Inspired by the 1998 episode of Disney’s Recess, “Economics of Recess” and based on real-life experiences: The Economics of Recess is an exhibition and on-going project set on the intriguing world of food manufacturers’ marketing and advertising techniques directed toward children. As well as food Sovereignty in fast-paced and controlled food economics as well as environments. The exhibition is most concerned with the marketing strategies of collectable toy campaigns that -as a consequence - encourage and cultivate hyper-consumerist, hyper-capitalist and classist behaviours in the child’s play pattern as well as on the schooling playgrounds. The work in this exhibition depicts how these collectable toy campaigns catalyse a form of playground currency, and a trending epidemic, disrupting the social order of the school playground. Additionally, the body of work seeks to convey a rather conspicuous reflection on food packaging, globalization and patenting of food ingredients, as well as the agricultural monopolies from the corporate umbrellas of the food manufacturing world. Moreover, the body of work aims to convey and present a cohesive body of work that further encourages sustainable thinking in child-directed snack promotions - from both an environmental, nutritional and economic outlook.

This exhibition is particularly concerned with the time-specific epidemic of the Tazo - The global name of the toy used by the food manufacturing branches under PepsiCo. Umbrella (Pogs in Australia). An archaic artefact of bygone generations expanding from the late 90s through the mid-2000s. Known for its highly effective circular shape - highly imitative of that of worldwide currency, the coin - and for its sculptural, modular and materialistic-based characteristics.

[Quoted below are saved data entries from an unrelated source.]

(* Let $\beta$ be a formula, $f$ a unary mutable function, $M,M'$ frame models and $H,H'$ sets of locations such that $(M,H)$ transitions on $\mathsf{free}(x)$ to $(M',H')$, $M'\models\beta$ and $H'=[\![\mathit{Sp}(\beta)]\!]_{M'}$. Then $M\models\beta\wedge x\notin\mathit{Sp}(\beta)\wedge f(x)=f(x)$ and $H=[\![\mathit{Sp}(\beta\wedge x\notin\mathit{Sp}(\beta)\wedge f(x)=f(x))]\!]_M$.
   Context: Frame logic (FL) is first-order logic with least-fixpoint recursive definitions over a foreground sort of locations (fields are mutable unary functions) and background sorts including sets of locations, extended with support terms $\mathit{Sp}(\cdot)$ and guarded constructs $\mathit{ite}(\gamma:\alpha,\beta)$ and $\exists y:\gamma.\alpha$. Supports: constants/variables $\emptyset$; $\mathit{Sp}(f(t))=\{t\}\cup\mathit{Sp}(t)$ for mutable $f$, $\mathit{Sp}(t)$ otherwise; atoms and $\wedge$: union; $\mathit{Sp}(\neg\alpha)=\mathit{Sp}(\alpha)$; $\mathit{Sp}(\mathit{ite}(\gamma:\alpha,\beta))=\mathit{Sp}(\gamma)\cup$ support of the branch selected by $\gamma$; $\mathit{Sp}(\exists y:\gamma.\alpha)$ = union of $\mathit{Sp}(\gamma)$ over all $y$ and of $\mathit{Sp}(\alpha)$ over $y$ satisfying $\gamma$; inductive atoms get the support of the unfolded body plus supports of arguments. Frame models interpret supports and inductive relations by least solutions. Semantics: a configuration is $(M,H)$ with $M$ a frame model interpreting store and heap and $H$ the allocated locations; if $M(x)\in H$ then $(M,H)$ transitions on $\mathsf{free}(x)$ to $(M,H\setminus\{M(x)\})$, otherwise to the abort configuration $\bot$. Formulas have no atomic relations on locations, functions of arity at most one, no functions from background sorts to locations, and quantifier guards of the form $f(z')=z$ or $z\in U$. *)

theory Defs
  imports Main
begin

type_synonym vname = string
type_synonym fname = string
type_synonym rname = string

datatype lfun = Mut fname | Imm fname

datatype sfun = SMut fname | SImm fname | SRec rname

datatype lterm =
    LVar vname
  | LApp lfun lterm

datatype sterm =
    SVar vname
  | SEmp
  | SSing lterm
  | SUn sterm sterm
  | SInt sterm sterm
  | SDiff sterm sterm
  | SApp sfun lterm
  | SIte fm sterm sterm
  | Supp fm
and fm =
    FTrue
  | LEq lterm lterm
  | SEq sterm sterm
  | Mem lterm sterm
  | Sub sterm sterm
  | Neg fm
  | Conj fm fm
  | Ite fm fm fm
  | Ex vname guard fm
  | RApp rname lterm
and guard =
    GFn lfun vname vname
  | GMem vname sterm

record 'l model =
  sl    :: "vname \<Rightarrow> 'l"
  ss    :: "vname \<Rightarrow> 'l set"
  mfl   :: "fname \<Rightarrow> 'l \<Rightarrow> 'l"
  mfs   :: "fname \<Rightarrow> 'l \<Rightarrow> 'l set"
  ifl   :: "fname \<Rightarrow> 'l \<Rightarrow> 'l"
  ifs   :: "fname \<Rightarrow> 'l \<Rightarrow> 'l set"
  rrel  :: "rname \<Rightarrow> 'l \<Rightarrow> bool"
  rfun  :: "rname \<Rightarrow> 'l \<Rightarrow> 'l set"
  sprel :: "rname \<Rightarrow> 'l \<Rightarrow> 'l set"  \<comment> \<open>supports of recursive relations\<close>
  spfun :: "rname \<Rightarrow> 'l \<Rightarrow> 'l set"  \<comment> \<open>supports of recursive functions\<close>

fun lfun_val :: "('l,'a) model_scheme \<Rightarrow> lfun \<Rightarrow> 'l \<Rightarrow> 'l" where
  "lfun_val M (Mut f) = mfl M f"
| "lfun_val M (Imm f) = ifl M f"

fun sfun_val :: "('l,'a) model_scheme \<Rightarrow> sfun \<Rightarrow> 'l \<Rightarrow> 'l set" where
  "sfun_val M (SMut f) = mfs M f"
| "sfun_val M (SImm f) = ifs M f"
| "sfun_val M (SRec r) = rfun M r"

primrec lval :: "('l,'a) model_scheme \<Rightarrow> lterm \<Rightarrow> 'l" where
  "lval M (LVar v) = sl M v"
| "lval M (LApp g t) = lfun_val M g (lval M t)"

primrec lsp :: "('l,'a) model_scheme \<Rightarrow> lterm \<Rightarrow> 'l set" where
  "lsp M (LVar v) = {}"
| "lsp M (LApp g t) = (case g of Mut f \<Rightarrow> {lval M t} \<union> lsp M t | Imm f \<Rightarrow> lsp M t)"

fun sval :: "('l,'a) model_scheme \<Rightarrow> sterm \<Rightarrow> 'l set"
and holds :: "('l,'a) model_scheme \<Rightarrow> fm \<Rightarrow> bool"
and gholds :: "('l,'a) model_scheme \<Rightarrow> guard \<Rightarrow> bool"
and ssp :: "('l,'a) model_scheme \<Rightarrow> sterm \<Rightarrow> 'l set"
and fsp :: "('l,'a) model_scheme \<Rightarrow> fm \<Rightarrow> 'l set"
and gsp :: "('l,'a) model_scheme \<Rightarrow> guard \<Rightarrow> 'l set"
where
  "sval M (SVar v) = ss M v"
| "sval M SEmp = {}"
| "sval M (SSing t) = {lval M t}"
| "sval M (SUn a b) = sval M a \<union> sval M b"
| "sval M (SInt a b) = sval M a \<inter> sval M b"
| "sval M (SDiff a b) = sval M a - sval M b"
| "sval M (SApp g t) = sfun_val M g (lval M t)"
| "sval M (SIte c a b) = (if holds M c then sval M a else sval M b)"
| "sval M (Supp \<alpha>) = fsp M \<alpha>"
| "holds M FTrue = True"
| "holds M (LEq s t) = (lval M s = lval M t)"
| "holds M (SEq a b) = (sval M a = sval M b)"
| "holds M (Mem t a) = (lval M t \<in> sval M a)"
| "holds M (Sub a b) = (sval M a \<subseteq> sval M b)"
| "holds M (Neg \<alpha>) = (\<not> holds M \<alpha>)"
| "holds M (Conj \<alpha> \<beta>) = (holds M \<alpha> \<and> holds M \<beta>)"
| "holds M (Ite c \<alpha> \<beta>) = (if holds M c then holds M \<alpha> else holds M \<beta>)"
| "holds M (Ex y c \<alpha>) = (\<exists>v. gholds (M\<lparr>sl := (sl M)(y := v)\<rparr>) c
                              \<and> holds (M\<lparr>sl := (sl M)(y := v)\<rparr>) \<alpha>)"
| "holds M (RApp r t) = rrel M r (lval M t)"
| "gholds M (GFn g z' z) = (lfun_val M g (sl M z') = sl M z)"
| "gholds M (GMem z a) = (sl M z \<in> sval M a)"
| "ssp M (SVar v) = {}"
| "ssp M SEmp = {}"
| "ssp M (SSing t) = lsp M t"
| "ssp M (SUn a b) = ssp M a \<union> ssp M b"
| "ssp M (SInt a b) = ssp M a \<union> ssp M b"
| "ssp M (SDiff a b) = ssp M a \<union> ssp M b"
| "ssp M (SApp g t) = (case g of SMut f \<Rightarrow> {lval M t} \<union> lsp M t
                               | SImm f \<Rightarrow> lsp M t
                               | SRec r \<Rightarrow> spfun M r (lval M t) \<union> lsp M t)"
| "ssp M (SIte c a b) = fsp M c \<union> (if holds M c then ssp M a else ssp M b)"
| "ssp M (Supp \<alpha>) = fsp M \<alpha>"
| "fsp M FTrue = {}"
| "fsp M (LEq s t) = lsp M s \<union> lsp M t"
| "fsp M (SEq a b) = ssp M a \<union> ssp M b"
| "fsp M (Mem t a) = lsp M t \<union> ssp M a"
| "fsp M (Sub a b) = ssp M a \<union> ssp M b"
| "fsp M (Neg \<alpha>) = fsp M \<alpha>"
| "fsp M (Conj \<alpha> \<beta>) = fsp M \<alpha> \<union> fsp M \<beta>"
| "fsp M (Ite c \<alpha> \<beta>) = fsp M c \<union> (if holds M c then fsp M \<alpha> else fsp M \<beta>)"
| "fsp M (Ex y c \<alpha>) =
     (\<Union>v. gsp (M\<lparr>sl := (sl M)(y := v)\<rparr>) c)
     \<union> (\<Union>v \<in> {v. gholds (M\<lparr>sl := (sl M)(y := v)\<rparr>) c}. fsp (M\<lparr>sl := (sl M)(y := v)\<rparr>) \<alpha>)"
| "fsp M (RApp r t) = sprel M r (lval M t) \<union> lsp M t"
| "gsp M (GFn g z' z) = (case g of Mut f \<Rightarrow> {sl M z'} | Imm f \<Rightarrow> {})"
| "gsp M (GMem z a) = ssp M a"

text \<open>A system of recursive definitions: each recursive relation r is defined by
  r(p) := body, each recursive function by F(p) := body (p the formal parameter).\<close>
record rdefs =
  drel :: "rname \<Rightarrow> vname \<times> fm"
  dfun :: "rname \<Rightarrow> vname \<times> sterm"

definition at_param :: "('l,'a) model_scheme \<Rightarrow> vname \<Rightarrow> 'l \<Rightarrow> ('l,'a) model_scheme" where
  "at_param M p v = M\<lparr>sl := (sl M)(p := v)\<rparr>"

definition is_solution ::
  "rdefs \<Rightarrow> 'l model \<Rightarrow> (rname \<Rightarrow> 'l \<Rightarrow> bool) \<Rightarrow> (rname \<Rightarrow> 'l \<Rightarrow> 'l set)
     \<Rightarrow> (rname \<Rightarrow> 'l \<Rightarrow> 'l set) \<Rightarrow> (rname \<Rightarrow> 'l \<Rightarrow> 'l set) \<Rightarrow> bool" where
  "is_solution D M R F SR SF \<longleftrightarrow>
     (let M0 = M\<lparr>rrel := R, rfun := F, sprel := SR, spfun := SF\<rparr> in
       (\<forall>r v. R r v = holds (at_param M0 (fst (drel D r)) v) (snd (drel D r))) \<and>
       (\<forall>r v. F r v = sval (at_param M0 (fst (dfun D r)) v) (snd (dfun D r))) \<and>
       (\<forall>r v. SR r v = fsp (at_param M0 (fst (drel D r)) v) (snd (drel D r))) \<and>
       (\<forall>r v. SF r v = ssp (at_param M0 (fst (dfun D r)) v) (snd (dfun D r))))"

definition frame_model :: "rdefs \<Rightarrow> 'l model \<Rightarrow> bool" where
  "frame_model D M \<longleftrightarrow>
     is_solution D M (rrel M) (rfun M) (sprel M) (spfun M) \<and>
     (\<forall>R F SR SF. is_solution D M R F SR SF \<longrightarrow>
        rrel M \<le> R \<and> rfun M \<le> F \<and> sprel M \<le> SR \<and> spfun M \<le> SF)"

datatype 'l config = Conf "'l model" "'l set" | Abort

inductive step_free :: "vname \<Rightarrow> 'l config \<Rightarrow> 'l config \<Rightarrow> bool" where
  free_ok:    "sl M x \<in> H \<Longrightarrow> step_free x (Conf M H) (Conf M (H - {sl M x}))"
| free_abort: "sl M x \<notin> H \<Longrightarrow> step_free x (Conf M H) Abort"

end

theory Submission
  imports Defs
begin

text \<open>Freeing x leaves the model unchanged and only removes the location of x from the heap.
  Hence \<beta> still holds before the step, the location of x lies outside Sp(\<beta>) = H - {x},
  and adding the footprint {x} of f(x) to the support restores exactly H.\<close>

lemma step_free_Conf_iff:
  "step_free x (Conf M H) (Conf M' H') \<longleftrightarrow> M' = M \<and> sl M x \<in> H \<and> H' = H - {sl M x}"
  by (auto elim: step_free.cases intro: step_free.intros)

lemma fsp_Conj_not_in_Supp_field_eq:
  "fsp M (Conj \<beta> (Conj (Neg (Mem (LVar x) (Supp \<beta>)))
                     (LEq (LApp (Mut f) (LVar x)) (LApp (Mut f) (LVar x)))))
     = insert (sl M x) (fsp M \<beta>)"
  by auto

theorem theorem13:
  fixes D :: rdefs and \<beta> :: fm and f :: fname and x :: vname
    and M M' :: "'l model" and H H' :: "'l set"
  assumes "frame_model D M" and "frame_model D M'"
    and "step_free x (Conf M H) (Conf M' H')"
    and "holds M' \<beta>"
    and "H' = fsp M' \<beta>"
  shows "holds M (Conj \<beta> (Conj (Neg (Mem (LVar x) (Supp \<beta>)))
                 (LEq (LApp (Mut f) (LVar x)) (LApp (Mut f) (LVar x)))))
       \<and> H = fsp M (Conj \<beta> (Conj (Neg (Mem (LVar x) (Supp \<beta>)))
                 (LEq (LApp (Mut f) (LVar x)) (LApp (Mut f) (LVar x)))))"
proof -
  from assms(3) have "M' = M" and x_alloc: "sl M x \<in> H" and "H' = H - {sl M x}"
    by (simp_all add: step_free_Conf_iff)
  with assms(4,5) have \<beta>: "holds M \<beta>" and supp: "fsp M \<beta> = H - {sl M x}"
    by simp_all
  from \<beta> supp show ?thesis
    unfolding fsp_Conj_not_in_Supp_field_eq using x_alloc by auto
qed

end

The Tazo (Pogs) was and remains a staple of playground currency and collectivity, that retained polychromatic colour, design and art from a vast array of pop memorabilia - mostly cartoons, with the exception of other brands pushing their products. This circular antiquity presented an opportunity for competitive play that mirrored global games like Ddakji (Korean), Menko (Japan) and Patacó (Catalonia), and furthermore, embraced and developed a cult following to this day. Whilst the Tazo (Pogs) had a significant impact - arguably an enjoyable one - on most people's lives, it is the same nature of the materiality, collectivity and marketing campaigns of this toy that brought irreversible malnutrition to global communities, as well as harm to the surrounding ecologies due to landfill, pollution and littering.

This exhibition invites you to perceive and re-live the days of the Tazo (Pogs) in the form of an unaccessible front shop, an untouchable memory that encourages you to self-reflect and instigate a deeper conversation around the materiality of promotional material targeted at our children, and how we as a society can challenge these companies to eradicate greenwashing practices and exercise transparent, eco-centric and encouraging methods of food manufacturing for our generations to come.

Respectfully made in Brayakaulung country and presented in Maribyrnong/Wurundjeri & Boon Wurrung country.